It has taken me some time to be able to reply, because I know that they’re only words and I just fall to pieces. But I want you to know how deep I ache for you. That’s the hardest part for many of us. We ache for the others who ache like we do. I’m beyond sorry for all you have endured.

It will soon be two years since I lost my son, and each day life is getting just a bit easier to face. I have found that my biggest struggle, other than desperately missing my son, is that I feel as if I lost my identity. When he died, I died. And I do not know who or what I am anymore. You do become a different person. I spend less time staring out the window now, but am lost in life. Nothing interests me, it’s impossible to concentrate, and I hate everything. I have no hope. 
But then I look at my younger son, who needs me and is struggling himself, and some purpose sinks in for a bit, and I try not to hate my life.

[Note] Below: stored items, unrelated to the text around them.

theorem lemma1:
  fixes fs :: "'n::finite \<Rightarrow> 'a::euclidean_space \<Rightarrow> real"
    and g :: "'m::finite \<Rightarrow> 'a \<Rightarrow> real"
    and gf :: "'n \<Rightarrow> 'a \<Rightarrow> 'a" and gg :: "'m \<Rightarrow> 'a \<Rightarrow> 'a"
    and X :: "'a set" and R L eta :: real and xstar :: 'a
    and E :: "('n \<times> 'n) set" and W :: "'n \<Rightarrow> 'n \<Rightarrow> real"
    and \<alpha> :: "nat \<Rightarrow> real" and T :: nat and i :: 'n
  defines "f \<equiv> (\<lambda>x. (1 / real CARD('n)) * (\<Sum>j\<in>UNIV. fs j x))"
  defines "xs \<equiv> (\<lambda>t. fst (pd_iter W \<alpha> eta R gf g gg t))"
  defines "lams \<equiv> (\<lambda>t. snd (pd_iter W \<alpha> eta R gf g gg t))"
  assumes X_def: "X = {x. \<forall>k. g k x \<le> 0}"
    and X_nonempty: "X \<noteq> {}" and X_convex: "convex X" and X_compact: "compact X"
    and R_def: "R = Sup (norm ` X)"
    and slater: "\<exists>xt. \<forall>k. g k xt < 0"
    and f_convex: "\<And>j. convex_on (cball 0 R) (fs j)"
    and g_convex: "\<And>k. convex_on (cball 0 R) (g k)"
    and gf_subgrad: "\<And>j x. x \<in> cball 0 R \<Longrightarrow> is_subgrad_on (cball 0 R) (fs j) x (gf j x)"
    and gg_subgrad: "\<And>k x. x \<in> cball 0 R \<Longrightarrow> is_subgrad_on (cball 0 R) (g k) x (gg k x)"
    and gf_bound: "\<And>j x. x \<in> cball 0 R \<Longrightarrow> norm (gf j x) \<le> L"
    and gg_bound: "\<And>k x. x \<in> cball 0 R \<Longrightarrow> norm (gg k x) \<le> L"
    and xstar_opt: "xstar \<in> X" "\<And>x. x \<in> X \<Longrightarrow> f xstar \<le> f x"
    and E_sym: "sym E" and E_conn: "\<And>a b. (a, b) \<in> E\<^sup>*"
    and W_nonneg: "\<And>a b. 0 \<le> W a b"
    and W_rows: "\<And>a. (\<Sum>b\<in>UNIV. W a b) = 1"
    and W_cols: "\<And>b. (\<Sum>a\<in>UNIV. W a b) = 1"
    and W_pos: "\<And>a b. (a, b) \<in> E \<Longrightarrow> W a b > 0"
    and W_zero: "\<And>a b. (a, b) \<notin> E \<Longrightarrow> W a b = 0"
    and alpha_nonneg: "\<And>t. 0 \<le> \<alpha> t"
    and alpha_noninc: "\<And>t. \<alpha> (Suc t) \<le> \<alpha> t"
    and eta_pos: "eta > 0"
    and alpha_sum_pos: "(\<Sum>t<T. \<alpha> t) > 0"
  shows "f ((1 / (\<Sum>t<T. \<alpha> t)) *\<^sub>R (\<Sum>t<T. \<alpha> t *\<^sub>R xs t i)) - f xstar
    \<le> (1 / (\<Sum>t<T. \<alpha> t)) *
       ((1/2) * (norm xstar)\<^sup>2
        + (L / real CARD('n)) * (\<Sum>t<T. \<Sum>j\<in>UNIV. \<alpha> t * norm (xs t i - xs t j))
        - (eta / (2 * real CARD('n))) * (\<Sum>t<T. \<Sum>j\<in>UNIV. \<alpha> t * (norm (lams t j))\<^sup>2)
        + (1 / (2 * real CARD('n))) * (\<Sum>t<T. \<Sum>j\<in>UNIV. (\<alpha> t)\<^sup>2 *
             ((norm (gradLx gf gg j (xs t j) (lams t j)))\<^sup>2
              + (norm (gradLlam g eta (xs t j) (lams t j)))\<^sup>2)))"
proof -
  let ?n = "real CARD('n)"
  define A where "A = (\<Sum>t<T. \<alpha> t)"
  define xhat where "xhat = (1 / A) *\<^sub>R (\<Sum>t<T. \<alpha> t *\<^sub>R xs t i)"
  define gap where "gap = (\<Sum>t<T. \<alpha> t * (\<Sum>j\<in>UNIV. fs j (xs t i) - fs j xstar))"
  obtain B where "\<And>x. x \<in> X \<Longrightarrow> norm x \<le> B"
    using compact_imp_bounded[OF X_compact] unfolding bounded_iff by blast
  then have xstar_norm: "norm xstar \<le> R"
    unfolding R_def using xstar_opt(1) by (intro cSup_upper bdd_aboveI2[where M = B]) auto
  interpret distributed_primal_dual fs g gf gg W \<alpha> eta R L xstar
    using xstar_opt(1) unfolding X_def
    by unfold_locales (auto simp: gf_subgrad gg_subgrad gf_bound xstar_norm W_nonneg W_rows
        W_cols alpha_nonneg)
  have iterates: "xs = primal" "lams = dual"
    by (simp_all add: fun_eq_iff xs_def lams_def primal_def dual_def)
  have "A * ((\<Sum>j\<in>UNIV. fs j xhat) - (\<Sum>j\<in>UNIV. fs j xstar)) \<le> gap"
    unfolding xhat_def A_def gap_def iterates
    by (rule sum_convex_on_weighted_mean_gap_le[OF f_convex])
      (use alpha_sum_pos alpha_nonneg primal_in_cball in auto)
  then have "A * ((\<Sum>j\<in>UNIV. fs j xhat) - (\<Sum>j\<in>UNIV. fs j xstar)) / ?n \<le> gap / ?n"
    by (rule divide_right_mono) simp
  then have "A * (f xhat - f xstar) \<le> gap / ?n"
    by (simp add: f_def right_diff_distrib diff_divide_distrib)
  moreover have "0 \<le> eta * (\<Sum>t<T. \<Sum>j\<in>UNIV. \<alpha> t * (norm (lams t j))\<^sup>2)"
    using eta_pos alpha_nonneg by (intro mult_nonneg_nonneg sum_nonneg) auto
  ultimately show ?thesis
    using alpha_sum_pos gap_sum_le[where T = T and i = i, folded iterates, folded gap_def]
    unfolding A_def[symmetric] xhat_def[symmetric]
    by (intro gap_bound_rescale) (assumption | simp)+
qed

It’s hard. It’s hard to answer simple questions people ask…”how old are your boys…what do they do….where do they live…” I stumble and hesitate to answer now. I don’t want to lightly say he passed away and watch the color drain from their faces, their day now in shambles.

I too had many days where I didn’t even get out of bed. I just stayed there petting my cat and staring and crying and I let myself do it. This part of the grieving process I guess we have to go through to be able to eventually get up, shower and care a little, just enough to go buy that dang cat food! Chores help. 
I am very lucky that I am a caregiver for an elderly lady. She is 97 and the most spiritually, wonderful wonderful, kind human being I’ve ever met in my life. She brings me warmth, comfort and makes me feel very close to God. I don’t think she realizes how much I need her right now. I’ve tried going to church, but all I do is sit there and cry and I don’t want the attention. It’s too soon still .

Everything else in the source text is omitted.